◆ Supplied data:
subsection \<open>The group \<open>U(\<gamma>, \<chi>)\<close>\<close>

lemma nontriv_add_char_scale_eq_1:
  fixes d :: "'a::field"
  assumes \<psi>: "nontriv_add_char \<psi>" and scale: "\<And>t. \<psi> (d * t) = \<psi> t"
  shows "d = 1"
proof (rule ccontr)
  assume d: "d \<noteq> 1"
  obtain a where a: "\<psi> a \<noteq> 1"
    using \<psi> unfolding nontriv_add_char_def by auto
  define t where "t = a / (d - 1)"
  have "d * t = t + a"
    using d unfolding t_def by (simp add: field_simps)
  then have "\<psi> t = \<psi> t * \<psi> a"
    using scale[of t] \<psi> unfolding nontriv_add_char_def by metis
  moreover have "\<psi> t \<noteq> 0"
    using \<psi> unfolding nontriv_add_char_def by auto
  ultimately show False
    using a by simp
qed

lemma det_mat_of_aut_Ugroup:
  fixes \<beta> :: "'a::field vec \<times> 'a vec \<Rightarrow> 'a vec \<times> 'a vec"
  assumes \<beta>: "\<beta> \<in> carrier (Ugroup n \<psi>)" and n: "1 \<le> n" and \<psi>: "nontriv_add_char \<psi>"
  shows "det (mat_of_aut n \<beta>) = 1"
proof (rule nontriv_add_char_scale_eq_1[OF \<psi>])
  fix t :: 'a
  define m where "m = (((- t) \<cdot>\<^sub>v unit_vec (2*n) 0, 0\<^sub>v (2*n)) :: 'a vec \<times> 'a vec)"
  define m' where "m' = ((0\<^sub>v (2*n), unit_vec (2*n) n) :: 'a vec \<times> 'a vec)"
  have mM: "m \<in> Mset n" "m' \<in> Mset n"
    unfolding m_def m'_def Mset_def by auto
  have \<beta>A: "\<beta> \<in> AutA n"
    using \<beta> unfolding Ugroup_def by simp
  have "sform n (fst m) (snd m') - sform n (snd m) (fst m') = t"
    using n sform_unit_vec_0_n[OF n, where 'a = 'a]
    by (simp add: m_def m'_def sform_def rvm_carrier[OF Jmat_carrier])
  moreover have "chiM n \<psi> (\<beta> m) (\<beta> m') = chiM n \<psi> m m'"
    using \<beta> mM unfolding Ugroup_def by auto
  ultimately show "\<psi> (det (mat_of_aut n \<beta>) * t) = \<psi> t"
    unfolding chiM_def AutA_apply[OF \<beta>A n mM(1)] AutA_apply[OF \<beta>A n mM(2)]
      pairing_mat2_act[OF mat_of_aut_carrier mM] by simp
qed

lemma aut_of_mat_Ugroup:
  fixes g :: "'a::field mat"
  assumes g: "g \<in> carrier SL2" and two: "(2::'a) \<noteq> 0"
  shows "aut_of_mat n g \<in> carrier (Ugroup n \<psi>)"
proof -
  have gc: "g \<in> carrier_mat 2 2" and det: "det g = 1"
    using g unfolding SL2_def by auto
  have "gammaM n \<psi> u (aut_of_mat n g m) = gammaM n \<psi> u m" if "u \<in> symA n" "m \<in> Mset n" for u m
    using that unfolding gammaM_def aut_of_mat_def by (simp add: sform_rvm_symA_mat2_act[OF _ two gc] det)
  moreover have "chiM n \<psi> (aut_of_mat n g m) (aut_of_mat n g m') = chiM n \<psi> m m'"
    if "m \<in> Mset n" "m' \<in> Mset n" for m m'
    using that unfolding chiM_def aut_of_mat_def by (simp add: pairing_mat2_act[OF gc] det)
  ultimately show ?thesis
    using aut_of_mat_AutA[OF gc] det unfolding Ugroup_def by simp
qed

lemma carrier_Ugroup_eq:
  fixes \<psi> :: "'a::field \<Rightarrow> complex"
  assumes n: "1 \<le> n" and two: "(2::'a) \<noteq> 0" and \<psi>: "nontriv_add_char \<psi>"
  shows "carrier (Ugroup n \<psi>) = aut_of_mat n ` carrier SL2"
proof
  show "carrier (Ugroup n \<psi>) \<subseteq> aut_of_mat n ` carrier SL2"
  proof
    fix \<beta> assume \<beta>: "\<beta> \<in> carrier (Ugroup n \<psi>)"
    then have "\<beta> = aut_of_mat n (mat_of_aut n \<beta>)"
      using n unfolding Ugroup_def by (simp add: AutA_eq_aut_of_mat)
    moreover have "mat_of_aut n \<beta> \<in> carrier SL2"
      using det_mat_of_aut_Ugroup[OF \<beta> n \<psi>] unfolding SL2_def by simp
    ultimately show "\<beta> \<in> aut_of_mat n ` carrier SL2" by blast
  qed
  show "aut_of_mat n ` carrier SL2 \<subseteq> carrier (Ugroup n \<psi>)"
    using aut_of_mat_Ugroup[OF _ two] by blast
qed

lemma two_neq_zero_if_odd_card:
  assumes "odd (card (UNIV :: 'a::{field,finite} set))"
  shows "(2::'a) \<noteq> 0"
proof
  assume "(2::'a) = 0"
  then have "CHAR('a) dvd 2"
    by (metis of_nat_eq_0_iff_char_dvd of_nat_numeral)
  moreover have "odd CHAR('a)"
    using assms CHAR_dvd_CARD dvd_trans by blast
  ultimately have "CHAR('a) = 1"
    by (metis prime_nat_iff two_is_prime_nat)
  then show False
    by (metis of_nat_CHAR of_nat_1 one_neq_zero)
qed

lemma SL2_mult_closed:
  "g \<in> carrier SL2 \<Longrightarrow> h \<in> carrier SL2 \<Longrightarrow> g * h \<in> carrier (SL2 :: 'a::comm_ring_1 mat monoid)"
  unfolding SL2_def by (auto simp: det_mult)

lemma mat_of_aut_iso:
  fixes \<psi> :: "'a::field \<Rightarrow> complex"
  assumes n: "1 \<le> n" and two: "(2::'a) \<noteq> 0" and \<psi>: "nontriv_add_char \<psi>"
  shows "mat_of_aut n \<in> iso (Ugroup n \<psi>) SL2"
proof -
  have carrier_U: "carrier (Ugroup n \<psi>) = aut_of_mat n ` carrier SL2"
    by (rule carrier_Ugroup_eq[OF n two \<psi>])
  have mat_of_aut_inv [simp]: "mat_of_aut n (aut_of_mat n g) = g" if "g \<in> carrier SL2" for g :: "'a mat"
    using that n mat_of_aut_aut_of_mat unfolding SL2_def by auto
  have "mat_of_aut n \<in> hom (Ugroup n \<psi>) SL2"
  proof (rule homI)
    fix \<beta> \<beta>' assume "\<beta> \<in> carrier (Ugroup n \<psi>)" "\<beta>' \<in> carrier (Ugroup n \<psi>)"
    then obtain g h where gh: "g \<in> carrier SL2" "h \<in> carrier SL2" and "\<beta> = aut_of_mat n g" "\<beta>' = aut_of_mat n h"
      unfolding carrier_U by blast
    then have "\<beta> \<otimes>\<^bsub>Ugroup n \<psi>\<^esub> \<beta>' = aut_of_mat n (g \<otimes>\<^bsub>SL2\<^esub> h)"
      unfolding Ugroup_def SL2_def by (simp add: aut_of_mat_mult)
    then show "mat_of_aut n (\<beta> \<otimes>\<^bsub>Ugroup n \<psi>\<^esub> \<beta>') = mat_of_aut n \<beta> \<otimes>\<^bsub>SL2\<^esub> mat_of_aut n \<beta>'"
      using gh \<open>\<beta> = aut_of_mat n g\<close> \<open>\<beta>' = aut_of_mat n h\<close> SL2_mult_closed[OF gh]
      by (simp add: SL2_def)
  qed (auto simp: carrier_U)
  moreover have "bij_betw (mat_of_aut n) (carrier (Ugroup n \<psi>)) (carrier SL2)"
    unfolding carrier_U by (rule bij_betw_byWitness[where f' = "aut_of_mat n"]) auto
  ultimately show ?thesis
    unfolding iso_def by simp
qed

◆ What is needed: Reproduce, exactly, all the lines shown above.

◆ Exercise response:
subsection \<open>The group \<open>U(\<gamma>, \<chi>)\<close>\<close>

lemma nontriv_add_char_scale_eq_1:
  fixes d :: "'a::field"
  assumes \<psi>: "nontriv_add_char \<psi>" and scale: "\<And>t. \<psi> (d * t) = \<psi> t"
  shows "d = 1"
proof (rule ccontr)
  assume d: "d \<noteq> 1"
  obtain a where a: "\<psi> a \<noteq> 1"
    using \<psi> unfolding nontriv_add_char_def by auto
  define t where "t = a / (d - 1)"
  have "d * t = t + a"
    using d unfolding t_def by (simp add: field_simps)
  then have "\<psi> t = \<psi> t * \<psi> a"
    using scale[of t] \<psi> unfolding nontriv_add_char_def by metis
  moreover have "\<psi> t \<noteq> 0"
    using \<psi> unfolding nontriv_add_char_def by auto
  ultimately show False
    using a by simp
qed

lemma det_mat_of_aut_Ugroup:
  fixes \<beta> :: "'a::field vec \<times> 'a vec \<Rightarrow> 'a vec \<times> 'a vec"
  assumes \<beta>: "\<beta> \<in> carrier (Ugroup n \<psi>)" and n: "1 \<le> n" and \<psi>: "nontriv_add_char \<psi>"
  shows "det (mat_of_aut n \<beta>) = 1"
proof (rule nontriv_add_char_scale_eq_1[OF \<psi>])
  fix t :: 'a
  define m where "m = (((- t) \<cdot>\<^sub>v unit_vec (2*n) 0, 0\<^sub>v (2*n)) :: 'a vec \<times> 'a vec)"
  define m' where "m' = ((0\<^sub>v (2*n), unit_vec (2*n) n) :: 'a vec \<times> 'a vec)"
  have mM: "m \<in> Mset n" "m' \<in> Mset n"
    unfolding m_def m'_def Mset_def by auto
  have \<beta>A: "\<beta> \<in> AutA n"
    using \<beta> unfolding Ugroup_def by simp
  have "sform n (fst m) (snd m') - sform n (snd m) (fst m') = t"
    using n sform_unit_vec_0_n[OF n, where 'a = 'a]
    by (simp add: m_def m'_def sform_def rvm_carrier[OF Jmat_carrier])
  moreover have "chiM n \<psi> (\<beta> m) (\<beta> m') = chiM n \<psi> m m'"
    using \<beta> mM unfolding Ugroup_def by auto
  ultimately show "\<psi> (det (mat_of_aut n \<beta>) * t) = \<psi> t"
    unfolding chiM_def AutA_apply[OF \<beta>A n mM(1)] AutA_apply[OF \<beta>A n mM(2)]
      pairing_mat2_act[OF mat_of_aut_carrier mM] by simp
qed

lemma aut_of_mat_Ugroup:
  fixes g :: "'a::field mat"
  assumes g: "g \<in> carrier SL2" and two: "(2::'a) \<noteq> 0"
  shows "aut_of_mat n g \<in> carrier (Ugroup n \<psi>)"
proof -
  have gc: "g \<in> carrier_mat 2 2" and det: "det g = 1"
    using g unfolding SL2_def by auto
  have "gammaM n \<psi> u (aut_of_mat n g m) = gammaM n \<psi> u m" if "u \<in> symA n" "m \<in> Mset n" for u m
    using that unfolding gammaM_def aut_of_mat_def by (simp add: sform_rvm_symA_mat2_act[OF _ two gc] det)
  moreover have "chiM n \<psi> (aut_of_mat n g m) (aut_of_mat n g m') = chiM n \<psi> m m'"
    if "m \<in> Mset n" "m' \<in> Mset n" for m m'
    using that unfolding chiM_def aut_of_mat_def by (simp add: pairing_mat2_act[OF gc] det)
  ultimately show ?thesis
    using aut_of_mat_AutA[OF gc] det unfolding Ugroup_def by simp
qed

lemma carrier_Ugroup_eq:
  fixes \<psi> :: "'a::field \<Rightarrow> complex"
  assumes n: "1 \<le> n" and two: "(2::'a) \<noteq> 0" and \<psi>: "nontriv_add_char \<psi>"
  shows "carrier (Ugroup n \<psi>) = aut_of_mat n ` carrier SL2"
proof
  show "carrier (Ugroup n \<psi>) \<subseteq> aut_of_mat n ` carrier SL2"
  proof
    fix \<beta> assume \<beta>: "\<beta> \<in> carrier (Ugroup n \<psi>)"
    then have "\<beta> = aut_of_mat n (mat_of_aut n \<beta>)"
      using n unfolding Ugroup_def by (simp add: AutA_eq_aut_of_mat)
    moreover have "mat_of_aut n \<beta> \<in> carrier SL2"
      using det_mat_of_aut_Ugroup[OF \<beta> n \<psi>] unfolding SL2_def by simp
    ultimately show "\<beta> \<in> aut_of_mat n ` carrier SL2" by blast
  qed
  show "aut_of_mat n ` carrier SL2 \<subseteq> carrier (Ugroup n \<psi>)"
    using aut_of_mat_Ugroup[OF _ two] by blast
qed

lemma two_neq_zero_if_odd_card:
  assumes "odd (card (UNIV :: 'a::{field,finite} set))"
  shows "(2::'a) \<noteq> 0"
proof
  assume "(2::'a) = 0"
  then have "CHAR('a) dvd 2"
    by (metis of_nat_eq_0_iff_char_dvd of_nat_numeral)
  moreover have "odd CHAR('a)"
    using assms CHAR_dvd_CARD dvd_trans by blast
  ultimately have "CHAR('a) = 1"
    by (metis prime_nat_iff two_is_prime_nat)
  then show False
    by (metis of_nat_CHAR of_nat_1 one_neq_zero)
qed

lemma SL2_mult_closed:
  "g \<in> carrier SL2 \<Longrightarrow> h \<in> carrier SL2 \<Longrightarrow> g * h \<in> carrier (SL2 :: 'a::comm_ring_1 mat monoid)"
  unfolding SL2_def by (auto simp: det_mult)

lemma mat_of_aut_iso:
  fixes \<psi> :: "'a::field \<Rightarrow> complex"
  assumes n: "1 \<le> n" and two: "(2::'a) \<noteq> 0" and \<psi>: "nontriv_add_char \<psi>"
  shows "mat_of_aut n \<in> iso (Ugroup n \<psi>) SL2"
proof -
  have carrier_U: "carrier (Ugroup n \<psi>) = aut_of_mat n ` carrier SL2"
    by (rule carrier_Ugroup_eq[OF n two \<psi>])
  have mat_of_aut_inv [simp]: "mat_of_aut n (aut_of_mat n g) = g" if "g \<in> carrier SL2" for g :: "'a mat"
    using that n mat_of_aut_aut_of_mat unfolding SL2_def by auto
  have "mat_of_aut n \<in> hom (Ugroup n \<psi>) SL2"
  proof (rule homI)
    fix \<beta> \<beta>' assume "\<beta> \<in> carrier (Ugroup n \<psi>)" "\<beta>' \<in> carrier (Ugroup n \<psi>)"
    then obtain g h where gh: "g \<in> carrier SL2" "h \<in> carrier SL2" and "\<beta> = aut_of_mat n g" "\<beta>' = aut_of_mat n h"
      unfolding carrier_U by blast
    then have "\<beta> \<otimes>\<^bsub>Ugroup n \<psi>\<^esub> \<beta>' = aut_of_mat n (g \<otimes>\<^bsub>SL2\<^esub> h)"
      unfolding Ugroup_def SL2_def by (simp add: aut_of_mat_mult)
    then show "mat_of_aut n (\<beta> \<otimes>\<^bsub>Ugroup n \<psi>\<^esub> \<beta>') = mat_of_aut n \<beta> \<otimes>\<^bsub>SL2\<^esub> mat_of_aut n \<beta>'"
      using gh \<open>\<beta> = aut_of_mat n g\<close> \<open>\<beta>' = aut_of_mat n h\<close> SL2_mult_closed[OF gh]
      by (simp add: SL2_def)
  qed (auto simp: carrier_U)
  moreover have "bij_betw (mat_of_aut n) (carrier (Ugroup n \<psi>)) (carrier SL2)"
    unfolding carrier_U by (rule bij_betw_byWitness[where f' = "aut_of_mat n"]) auto
  ultimately show ?thesis
    unfolding iso_def by simp
qed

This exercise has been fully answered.